2. Développement (3 parties – transitions fluides)
I. Découverte d’un univers nouveau
- Langue étrangère → arbitraire du langage.
- Mœurs françaises → étonnement, dépaysement.
- Relativité des valeurs → Pérou ≠ France.
Transition : Mais derrière cet étonnement, se cache une critique implicite.
II. Critique de la société française
- Inégalités sociales → absurdité des privilèges.
- Condition féminine → dépendance, mariage = servitude.
- Religion → contradictions, intolérance.
Transition : Cette critique ne vise pas seulement à dénoncer : elle éduque le lecteur.
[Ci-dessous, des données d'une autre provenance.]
(* Let $\mathcal{A}$ be the free associative $\mathbb{C}$-algebra on two noncommuting generators $L$ and $R$, let $S=\{FG-GF : F,G \text{ nonempty balanced words}\}$, and let $\mathcal{J}$ be the two-sided ideal of $\mathcal{A}$ generated by $S$. Let $\Upsilon$ be the set of equivalence classes (under $\sim$) of upper primes and $\Lambda$ the set of equivalence classes of lower primes. For each $\upsilon\in\Upsilon$ choose an arbitrary representative $U_\upsilon\in\upsilon$, and for each $\lambda\in\Lambda$ choose an arbitrary representative $D_\lambda\in\lambda$. Define $$S'''=\{U_\upsilon D_\lambda-D_\lambda U_\upsilon : \upsilon\in\Upsilon,\ \lambda\in\Lambda\}.$$ Then $S'''\subseteq S$, $S'''$ generates $\mathcal{J}$ as a two-sided ideal, and no proper subset of $S'''$ generates $\mathcal{J}$.
   Context: Words are finite products of the letters $L,R$ (the empty word is allowed and is the identity); the words form a $\mathbb{C}$-basis of $\mathcal{A}$. A word is balanced if it contains equally many $L$'s and $R$'s. For words $X,Y$ write $X\sim Y$ if $X-Y\in\mathcal{J}$; this is an equivalence relation on words. A word is prime if it is nonempty, balanced, and cannot be written as a product of two nonempty balanced words. For a balanced word $W=a_1\cdots a_n$ and $0\le k\le n$, its $k$-th elevation is $e_k(W)=\sum_{i=1}^k \overline{a_i}$, where $\overline{R}=1$, $\overline{L}=-1$. A prime word $P$ is an upper prime if $e_k(P)>0$ for all $1\le k\le l(P)-1$, and a lower prime if $e_k(P)<0$ for all $1\le k\le l(P)-1$ (every prime is exactly one of these), where $l(P)$ is the length of $P$. *)

theory Defs
  imports Complex_Main "HOL-Library.Poly_Mapping"
begin

datatype letter = L | R

text \<open>Wrapper type for words, so that concatenation can serve as the monoid
  structure of the exponents of the free monoid algebra.\<close>
datatype word = Word "letter list"

fun word_list :: "word \<Rightarrow> letter list" where
  "word_list (Word xs) = xs"

instantiation word :: monoid_add
begin
definition zero_word :: word where "zero_word = Word []"
definition plus_word :: "word \<Rightarrow> word \<Rightarrow> word" where
  "plus_word u v = Word (word_list u @ word_list v)"
instance
proof
  fix a b c :: word
  show "a + b + c = a + (b + c)"
    by (cases a; cases b; cases c) (simp add: plus_word_def)
  show "0 + a = a" by (cases a) (simp add: plus_word_def zero_word_def)
  show "a + 0 = a" by (cases a) (simp add: plus_word_def zero_word_def)
qed
end

text \<open>Finitely supported complex coefficient functions on words, with the
  convolution product of the monoid algebra (Poly_Mapping): this is the free
  associative \<complex>-algebra on L, R.\<close>
type_synonym alg = "word \<Rightarrow>\<^sub>0 complex"

definition mon :: "letter list \<Rightarrow> alg" where
  "mon w = Poly_Mapping.single (Word w) 1"

inductive_set gen_ideal :: "alg set \<Rightarrow> alg set" for T :: "alg set" where
  base: "s \<in> T \<Longrightarrow> s \<in> gen_ideal T"
| zero: "0 \<in> gen_ideal T"
| add: "x \<in> gen_ideal T \<Longrightarrow> y \<in> gen_ideal T \<Longrightarrow> x + y \<in> gen_ideal T"
| mult: "x \<in> gen_ideal T \<Longrightarrow> a * x * b \<in> gen_ideal T"

definition balanced :: "letter list \<Rightarrow> bool" where
  "balanced w \<longleftrightarrow> count_list w L = count_list w R"

definition S_set :: "alg set" where
  "S_set = {mon F * mon G - mon G * mon F | F G.
              F \<noteq> [] \<and> balanced F \<and> G \<noteq> [] \<and> balanced G}"

definition J :: "alg set" where
  "J = gen_ideal S_set"

definition word_equiv :: "letter list \<Rightarrow> letter list \<Rightarrow> bool" (infix "\<sim>\<^sub>J" 50) where
  "X \<sim>\<^sub>J Y \<longleftrightarrow> mon X - mon Y \<in> J"

definition prime_word :: "letter list \<Rightarrow> bool" where
  "prime_word P \<longleftrightarrow> P \<noteq> [] \<and> balanced P \<and>
     \<not> (\<exists>A B. A \<noteq> [] \<and> B \<noteq> [] \<and> balanced A \<and> balanced B \<and> P = A @ B)"

definition bar :: "letter \<Rightarrow> int" where
  "bar a = (case a of R \<Rightarrow> 1 | L \<Rightarrow> -1)"

definition elevation :: "nat \<Rightarrow> letter list \<Rightarrow> int" where
  "elevation k W = (\<Sum>i<k. bar (W ! i))"

definition upper_prime :: "letter list \<Rightarrow> bool" where
  "upper_prime P \<longleftrightarrow> prime_word P \<and> (\<forall>k. 1 \<le> k \<and> k \<le> length P - 1 \<longrightarrow> elevation k P > 0)"

definition lower_prime :: "letter list \<Rightarrow> bool" where
  "lower_prime P \<longleftrightarrow> prime_word P \<and> (\<forall>k. 1 \<le> k \<and> k \<le> length P - 1 \<longrightarrow> elevation k P < 0)"

definition eq_class :: "letter list \<Rightarrow> letter list set" where
  "eq_class X = {Y. X \<sim>\<^sub>J Y}"
lemma null_sets_if_nn_integral_finite:
  fixes S :: "'a \<Rightarrow> ennreal"
  assumes N: "N \<in> sets M" and top: "\<And>x. x \<in> N \<Longrightarrow> S x = top" and finite: "integral\<^sup>N M S < top"
  shows "N \<in> null_sets M"
proof -
  have "top * emeasure M N = (\<integral>\<^sup>+x. top * indicator N x \<partial>M)"
    using N by (simp add: nn_integral_cmult_indicator)
  also have "\<dots> \<le> integral\<^sup>N M S"
    by (intro nn_integral_mono) (auto simp: indicator_def top)
  finally have "top * emeasure M N < top"
    using finite by (rule le_less_trans)
  then show ?thesis
    using N by (auto simp: ennreal_top_mult split: if_splits)
qed

lemma tendsto_nn_integral_at_top_dominated:
  fixes \<Phi> :: "real \<Rightarrow> 'a \<Rightarrow> ennreal" and S :: "'a \<Rightarrow> ennreal" and c :: real
  assumes meas: "\<And>l. \<Phi> l \<in> borel_measurable M" and g: "g \<in> borel_measurable M"
    and lim: "AE x in M. ((\<lambda>l. \<Phi> l x) \<longlongrightarrow> g x) at_top"
    and c: "0 < c" and dom: "\<And>l x. 0 < l \<Longrightarrow> x \<in> space M \<Longrightarrow> \<Phi> l x \<le> ennreal c * S x"
    and S: "integral\<^sup>N M S < top"
  shows "((\<lambda>l. \<integral>\<^sup>+x. \<Phi> l x \<partial>M) \<longlongrightarrow> integral\<^sup>N M g) at_top"
proof (rule tendsto_at_topI_sequentially)
  fix X :: "nat \<Rightarrow> real" assume X: "filterlim X at_top sequentially"
  define Y where "Y n = max (X n) 1" for n
  have XY: "eventually (\<lambda>n. X n = Y n) sequentially"
    using filterlim_at_top[THEN iffD1, OF X, rule_format, of 1] by eventually_elim (simp add: Y_def)
  then have Y: "filterlim Y at_top sequentially"
    using filterlim_cong[OF refl refl XY] X by simp
  define w where "w x = (SUP n. \<Phi> (Y n) x)" for x
  have "(\<lambda>n. \<integral>\<^sup>+x. \<Phi> (Y n) x \<partial>M) \<longlonglongrightarrow> integral\<^sup>N M g"
  proof (rule nn_integral_dominated_convergence[where w=w])
    show "w \<in> borel_measurable M" unfolding w_def using meas by measurable
    show "AE x in M. \<Phi> (Y n) x \<le> w x" for n
      unfolding w_def by (intro AE_I2 SUP_upper) auto
    have "integral\<^sup>N M w \<le> ennreal c * integral\<^sup>N M S"
      using c \<open>w \<in> borel_measurable M\<close>
      by (intro nn_integral_le_cmult) (auto simp: w_def Y_def intro!: SUP_least dom)
    also have "\<dots> < top"
      using S by (simp add: ennreal_mult_less_top)
    finally show "integral\<^sup>N M w < \<infinity>" by simp
    show "AE x in M. (\<lambda>n. \<Phi> (Y n) x) \<longlonglongrightarrow> g x"
      using lim by eventually_elim (rule filterlim_compose[OF _ Y])
  qed (use meas g in auto)
  then show "(\<lambda>n. \<integral>\<^sup>+x. \<Phi> (X n) x \<partial>M) \<longlonglongrightarrow> integral\<^sup>N M g"
    by (rule Lim_transform_eventually) (use XY in \<open>auto elim: eventually_mono\<close>)
qed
III. Enrichissement du lecteur
- Décentrement → relativiser ses propres valeurs.
- Élargissement d’horizon → fiction = voyage.
- Appel au progrès → réformer, émanciper, esprit des Lumières.
3. Conclusion (≈ 6-7 lignes)
- Bilan : double rôle = dépaysement + critique sociale.
- Réponse à la problématique : le roman permet à la fois de découvrir et de réfléchir.
- Ouverture : Montesquieu, Lettres persanes → même procédé critique, mais voix masculine ; Graffigny apporte une voix féminine.
4. Astuces de rédaction rapide
- Utilise des connecteurs logiques : d’abord, ensuite, enfin / mais, or, ainsi.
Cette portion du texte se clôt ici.